Опять послали гонцов на Дон, на Волгу в казачьи станицы с царевыми грамотами, в которых обещалось не только хорошее жалование, но и всяческие вольности. а словах же гонцам велено было обмолвиться, что коль не выставят казаки сотен пятнадцать, то быть им в немилости царской, и сам он со всем великим воинством может на них невзначай завернуть, пройтись по станицам, похватать воров, разбойников, что по дорогам купцам и прочим добрым людям расправу чинят. Старшины казацкие подумали, посовещались и решили не ссориться с Царем, выставили ополчение сколь от них требовалось.
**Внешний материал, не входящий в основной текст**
(* Let $X$ be a real Banach space, $K$ a compact Hausdorff space and $T\colon X\to C(K)$ a U-embedding. Let $F_T\colon K\to X^*$ be given by $\langle x,F_T(k)\rangle=(Tx)(k)$, let $A_0:=F_T^{-1}(\mathrm{Ext}\,B_{X^*})$, and let $G:=F_T|_{\overline{A_0}}$. Then the map $T_G\colon X\to C(\overline{A_0})$, $(T_Gx)(k)=\langle x,G(k)\rangle=(Tx)(k)$ for $k\in\overline{A_0}$, is a U-embedding.
   Context: $C(K)$ and $C(\overline{A_0})$ carry the sup norm; $\mathrm{Ext}\,B_{X^*}$ is the set of extreme points of the dual unit ball. A linear isometry $T\colon X\to Y$ is a U-embedding if every $x^*\in X^*$ has a unique $y^*\in Y^*$ with $T^*(y^* )=x^*$ and $\|y^*\|=\|x^*\|$. $A_0$ is called the U-core of $T$. *)

theory Defs
  imports "HOL-Analysis.Analysis"
begin

text \<open>C(S) for a subset S of a topological space: continuous real functions on S
  (with the subspace topology), normalised to vanish off S.\<close>
definition cfun :: "'k::topological_space set \<Rightarrow> ('k \<Rightarrow> real) set" where
  "cfun S = {f. continuous_on S f \<and> (\<forall>k. k \<notin> S \<longrightarrow> f k = 0)}"

definition supn :: "'k set \<Rightarrow> ('k \<Rightarrow> real) \<Rightarrow> real" where
  "supn S f = (if S = {} then 0 else Sup ((\<lambda>k. \<bar>f k\<bar>) ` S))"

text \<open>Dual space C(S)^*: bounded linear functionals on C(S), normalised to vanish
  outside C(S) (so that equality of functionals is equality on C(S)).\<close>
definition cdual :: "'k::topological_space set \<Rightarrow> (('k \<Rightarrow> real) \<Rightarrow> real) set" where
  "cdual S = {phi.
     (\<forall>f\<in>cfun S. \<forall>g\<in>cfun S. phi (\<lambda>k. f k + g k) = phi f + phi g) \<and>
     (\<forall>f\<in>cfun S. \<forall>c. phi (\<lambda>k. c * f k) = c * phi f) \<and>
     (\<exists>B. \<forall>f\<in>cfun S. \<bar>phi f\<bar> \<le> B * supn S f) \<and>
     (\<forall>f. f \<notin> cfun S \<longrightarrow> phi f = 0)}"

definition dnorm :: "'k::topological_space set \<Rightarrow> (('k \<Rightarrow> real) \<Rightarrow> real) \<Rightarrow> real" where
  "dnorm S phi = Sup {\<bar>phi f\<bar> | f. f \<in> cfun S \<and> supn S f \<le> 1}"

definition U_embedding :: "'k::topological_space set \<Rightarrow> ('a::real_normed_vector \<Rightarrow> 'k \<Rightarrow> real) \<Rightarrow> bool" where
  "U_embedding S T \<longleftrightarrow>
     (\<forall>x. T x \<in> cfun S) \<and>
     (\<forall>x y k. T (x + y) k = T x k + T y k) \<and>
     (\<forall>c x k. T (c *\<^sub>R x) k = c * T x k) \<and>
     (\<forall>x. supn S (T x) = norm x) \<and>
     (\<forall>xs :: 'a \<Rightarrow>\<^sub>L real. \<exists>!phi. phi \<in> cdual S \<and> (\<forall>x. phi (T x) = blinfun_apply xs x) \<and> dnorm S phi = norm xs)"

end

theory Submission
  imports Defs
begin

(* Write F for F_T and let phi be a norm-preserving extension to C(K) of a functional x*.
   If norm (F k) = 1, a proper convex decomposition of F k in the dual unit ball lifts, by
   uniqueness of norm-preserving extensions, to one of the point evaluation at k, which is
   extreme in the dual ball of C(K); hence norm (F k) = 1 puts k into A0.  Since |T x| attains
   its maximum at a point where norm F = 1, the restricted map T_G is again isometric.
   The heart of the proof is that phi is carried by the closure of A0: on the closed set where
   norm F <= 1 - r, an almost norming x0 satisfies |T x0| < 1 - r/2, so a large total variation
   of phi there would let phi exceed its norm on a function of sup norm 1; by compactness,
   finitely many such sets cover the region where a function vanishing on the closure of A0 is
   not small.  Finally, Tietze extension and restriction match the norm-preserving extensions
   for T_G with those for T, which transfers existence and uniqueness. *)

section \<open>Continuous functions on a compact space and their dual\<close>

lemma normal_space_compact_t2:
  assumes "compact (UNIV :: 'k::t2_space set)"
  shows "normal_space (euclidean :: 'k topology)"
proof (rule compact_Hausdorff_or_regular_imp_normal_space)
  show "compact_space (euclidean :: 'k topology)"
    using assms by (simp add: compact_space_def compactin_euclidean_iff)
  have "Hausdorff_space (euclidean :: 'k topology)"
    unfolding Hausdorff_space_def disjnt_def using hausdorff by (metis open_openin)
  then show "Hausdorff_space (euclidean :: 'k topology) \<or> regular_space (euclidean :: 'k topology)" ..
qed

lemma Urysohn_compact_t2:
  fixes A B :: "'k::t2_space set"
  assumes "compact (UNIV :: 'k set)" "closed A" "closed B" "A \<inter> B = {}"
  obtains f :: "'k \<Rightarrow> real"
  where "continuous_on UNIV f" "\<forall>t. 0 \<le> f t \<and> f t \<le> 1" "\<forall>t\<in>A. f t = 1" "\<forall>t\<in>B. f t = 0"
proof -
  have "disjnt B A" using assms(4) by (auto simp: disjnt_def)
  then obtain f where f: "continuous_map euclidean (top_of_set {0..1::real}) f"
      "f ` B \<subseteq> {0}" "f ` A \<subseteq> {1}"
    using Urysohn_lemma[OF normal_space_compact_t2[OF assms(1)], of B A 0 1] assms(2,3) by auto
  then have "continuous_on UNIV f" "\<forall>t. 0 \<le> f t \<and> f t \<le> 1"
    unfolding continuous_map_in_subtopology by auto
  then show ?thesis using that f(2,3) by blast
qed

lemma Tietze_compact_t2:
  fixes S :: "'k::t2_space set" and f :: "'k \<Rightarrow> real"
  assumes "compact (UNIV :: 'k set)" "closed S" "continuous_on S f"
    and "0 \<le> B" "\<And>t. t \<in> S \<Longrightarrow> \<bar>f t\<bar> \<le> B"
  obtains g where "continuous_on UNIV g" "\<And>t. t \<in> S \<Longrightarrow> g t = f t" "\<And>t. \<bar>g t\<bar> \<le> B"
proof -
  have "closedin euclidean S" "continuous_map (subtopology euclidean S) euclideanreal f"
    using assms(2,3) by simp_all
  moreover have "f ` S \<subseteq> {-B..B}" using assms(5) by (force simp: abs_le_iff)
  moreover have "-B \<le> B" using assms(4) by simp
  ultimately obtain g where g: "continuous_map euclidean euclideanreal g"
      "\<And>x. x \<in> S \<Longrightarrow> g x = f x" "g ` topspace euclidean \<subseteq> {-B..B}"
    using Tietze_extension_closed_real_interval[OF normal_space_compact_t2[OF assms(1)]] by metis
  have "\<bar>g t\<bar> \<le> B" for t
    using g(3) unfolding abs_le_iff image_subset_iff
    by (metis UNIV_I atLeastAtMost_iff minus_le_iff topspace_euclidean)
  then show ?thesis using that[of g] g(1,2) by simp
qed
Подались в поход атаманы: Никита Пан, Савва Волдырь, Богдан Брязга, Матвей Мещеряк. Только Иван Кольцо с Богдашкой Барбошей отмолчались на общем кругу, а на другой день с малыми силами подались в ногайские степи заниматься привычным им делом: щипать пастушьи табуны да отлавливать редких купцов.
За Василия Тимофеевича Ермака, видать, замолвил словцо князь Голицын — и его поставили вторым казачьим атаманом, доверя под его начало пять сотен лихих донских и поволжских рубак.
Совместно с московским войском выступил и король Магнус, которого Иван Васильевич для пущей привязка и родства женил на своей племяннице Марии Владимировне Старицкой, дочери своего двоюродного брата, совсем недавно казненного им. Правда, королем Магнуса звал только Иван Васильевич, а на самом деле тот должен был воевать там, где укажут, и воли ему при этом никакой не полагалось.
Поначалу дело пошло весьма неплохо — и взяты были русскими ратниками города Кокенгузен, Венден, Вольтмар. Царь довольный возвернулся в Москву, устроил не бывалый пир по случаю побед, и тут дьяки шепнули ему мол, пока ты, государь, по иноземным странам разъезжал, города отвоевывал, тут князь Борька Тулупов измену учинил, иноземных людишек у себя принимал, шептался с ними о чем-то.
Велел Иван Васильевич сыск учинить, пытать Тулупова беспощадно. Тот и признался в застенке, мол, было дело, хотел переметнуться к польскому королю, а то дома обрыдло все, опостылело. Да и назвал еще десятка два бояр, князей разных, с ним на измену согласных. И между прочим обмолвился о лекаре царском Елисее Бомелиусе. Взяли и того. Он с испугу, в застенок попав, умом тронулся, чушь всякую нести начал, а как огонь под ступни подложили, то и сознался во всем: сообщал тайно и шведам, и полякам о русских приготовлениях, сборах на войну. Платить они ему не платили, но обещали на службу принять и тогда уж рассчитать за все дела, для них содеянные. Многих человек по его оговору на плаху свели, и самого лекаря в том числе. Думал Бомелиус, что государи иностранные заступятся за него, выручат, да никто и не вспомнил, пальцем не пошевелил.
Сам Иван Васильевич на казнь смотреть не пошел, а отправил сына Ивана, чтоб проследил за всем, доложил как что исполнено.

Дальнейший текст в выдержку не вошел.